Oh toi mon amie, à l’entêtante présence,
Qui partout me suit, et tout le temps m’accompagne,
Toi dont le parfum, se prénomme Pestilence,
Et qui me ferais prendre, Hécate pour compagne.

Jamais tu ne me laisse, et de toi je suis las,
Car ma raison se perd, lorsque nous sommes ensembles,
Tout le temps tu me blesses, me rudoies, me fracasses,
Jusqu’à ce que terrassés, tous mes membres en tremblent.

N’es-tu donc point rassasiée, de ta sale besogne ?
Toi qui m’apprécie tant, car jamais ne me quitte,
Je te demande pitié, pour ma pauvre charogne,
Tu me réponds « crève, alors je m’en irais vite » !

Las mon amie, même faible je suis fort,
Car Aphrodite et Eros, marchent à mes côtés,
L’amour me soutiendra, et d’esprit, et de corps,
Jusqu’à ce que tu partes, de moi éradiquée.

Il est temps que tu apprennes, Oh ma douce amie,
Que le sang de mes veines, n’est plus ton territoire,
Je te rejette, toi dont le nom est « Maladie »,
Et en partant, salue bien mon ami l’Espoir !


Frohnir malade...
Mon dieu, ce topic... J'y postais des trucs horriblement émos quand j'avais 15 ans... (il y a plus de dix ans...) J'ai honte... (mais y en a qui sont lisibles c'est ça le pire... Y en a même deux que j'avais postés avec Artémis et que je vais inclure dans mon prochain recueil )

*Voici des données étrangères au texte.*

lemma nested_cylinders_in_open_dense:
  assumes A: "A \<noteq> {}"
    and U: "\<And>n. open_in_sp (full_shift A) cfg_dist (U n)" "\<And>n. dense_in_sp (full_shift A) cfg_dist (U n)"
  obtains Z NN where "\<And>n. Z n \<in> full_shift A" "strict_mono NN"
    "\<And>n j. \<bar>j\<bar> \<le> int (NN n) \<Longrightarrow> Z (Suc n) j = Z n j"
    "\<And>n. ball_in (full_shift A) cfg_dist (Z (Suc n)) ((1/2)^NN (Suc n)) \<subseteq> U n"
proof -
  let ?X = "full_shift A"
  define refines where "refines n p q \<longleftrightarrow> snd p < snd q
      \<and> (\<forall>j. \<bar>j\<bar> \<le> int (snd p) \<longrightarrow> fst q j = fst p j)
      \<and> ball_in ?X cfg_dist (fst q) ((1/2)^snd q) \<subseteq> U n"
    for n and p q :: "(int \<Rightarrow> nat) \<times> nat"
  have refine: "\<exists>q. fst q \<in> ?X \<and> refines n p q" if p: "fst p \<in> ?X" for p n
  proof -
    obtain w N where "w \<in> ?X" "snd p < N" "\<forall>j. \<bar>j\<bar> \<le> int (snd p) \<longrightarrow> w j = fst p j"
      "ball_in ?X cfg_dist w ((1/2)^N) \<subseteq> U n"
      by (rule cylinder_in_open_dense[OF U(1) U(2) p])
    then show ?thesis
      by (intro exI[of _ "(w, N)"]) (simp add: refines_def)
  qed
  obtain a where "a \<in> A"
    using A by blast
  then have init: "fst ((\<lambda>_. a, 0) :: (int \<Rightarrow> nat) \<times> nat) \<in> ?X"
    by (simp add: full_shift_def)
  have "\<exists>f. \<forall>n. fst (f n) \<in> ?X \<and> refines n (f n) (f (Suc n))"
    using dependent_nat_choice[where P = "\<lambda>_ p. fst p \<in> ?X" and Q = refines] init refine
    by blast
  then obtain f where f: "\<And>n. fst (f n) \<in> ?X" "\<And>n. refines n (f n) (f (Suc n))"
    by blast
  show ?thesis
  proof (rule that[of "\<lambda>n. fst (f n)" "\<lambda>n. snd (f n)"])
    show "strict_mono (\<lambda>n. snd (f n))"
      using f(2) unfolding refines_def by (intro strict_monoI_Suc) blast
  qed (use f in \<open>auto simp: refines_def\<close>)
qed

lemma residual_in_full_shift_nonempty:
  assumes A: "A \<noteq> {}" and "residual_in (full_shift A) cfg_dist S"
  shows "\<exists>x\<in>full_shift A. x \<in> S"
proof -
  let ?X = "full_shift A"
  obtain U :: "nat \<Rightarrow> (int \<Rightarrow> nat) set"
    where U: "\<forall>n. open_in_sp ?X cfg_dist (U n) \<and> dense_in_sp ?X cfg_dist (U n)"
    and US: "(\<Inter>n. U n) \<subseteq> S"
    using assms(2) unfolding residual_in_def by blast
  have "open_in_sp ?X cfg_dist (U n)" "dense_in_sp ?X cfg_dist (U n)" for n
    using U by simp_all
  then obtain Z NN where Z: "\<And>n. Z n \<in> ?X" "strict_mono NN"
    "\<And>n j. \<bar>j\<bar> \<le> int (NN n) \<Longrightarrow> Z (Suc n) j = Z n j"
    "\<And>n. ball_in ?X cfg_dist (Z (Suc n)) ((1/2)^NN (Suc n)) \<subseteq> U n"
    using nested_cylinders_in_open_dense[OF A] by metis
  define z where "z j = Z (nat \<bar>j\<bar>) j" for j
  have zX: "z \<in> ?X"
    using Z(1) by (simp add: z_def full_shift_def)
  have "z \<in> U n" for n
  proof -
    have "\<forall>j. \<bar>j\<bar> \<le> int (NN (Suc n)) \<longrightarrow> Z (Suc n) j = z j"
      using diagonal_agrees[where Z = Z, OF Z(2,3)] unfolding z_def by simp
    then have "z \<in> ball_in ?X cfg_dist (Z (Suc n)) ((1/2)^NN (Suc n))"
      using zX by (simp add: mem_ball_in_cfg_dist_iff)
    then show ?thesis
      using Z(4) by blast
  qed
  then show ?thesis
    using zX US by blast
qed

section \<open>Averages and counting\<close>

lemma LIMSEQ_const_plus_over_n:
  fixes c C :: real
  shows "(\<lambda>N. ereal (c + C / real N)) \<longlonglongrightarrow> ereal c"
  using tendsto_add[OF tendsto_const[of c] lim_const_over_n[of C]] by (simp add: tendsto_ereal)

Fröhnir si tu vis encore, je t'en écris un à la volée pour la peine, en l'honneur de ce topic qui fêtera ses 12 ans dans une semaine...


L'Album


J'ai compté les images et rangé les classeurs
Étiqueté les boîtes dans un ordre au hasard
Notre vie, nos histoires, tout est trié par heure...
C'est fou ce qu'on peut faire en allant nulle part

Je viens parfois ici pour regarder l'horloge
Je m’assieds sur le banc et j'observe le ciel
Parfois une mésange, parfois un rouge-gorge
Se pose sur la vigne et boit à la coupelle

Les photos sont d'époque et m'arrachent un sourire
Parfois une grimace ou un brin de douleur
On peut plonger longtemps dans l'eau du souvenir
Moi je m'y suis noyé, souvent, et par erreur

Ai-je vraiment changé ? Je suis toujours assise
Au même endroit qu'avant à regarder la treille
J'ai goûté d'autres choses, vécu d'autres surprises
Pourtant cet endroit-là semble toujours pareil...

Quelqu'un a du écrire, un jour, au marqueur noir
Sur l'album jauni de mes années d'enfance
"Reste-là" et je suis restée sans le savoir
Année après année, errance après errance...

A écouter le chant perdu de l'innocence

Dernière modification par Ange Musicien ; 20/03/2014 à 14h46.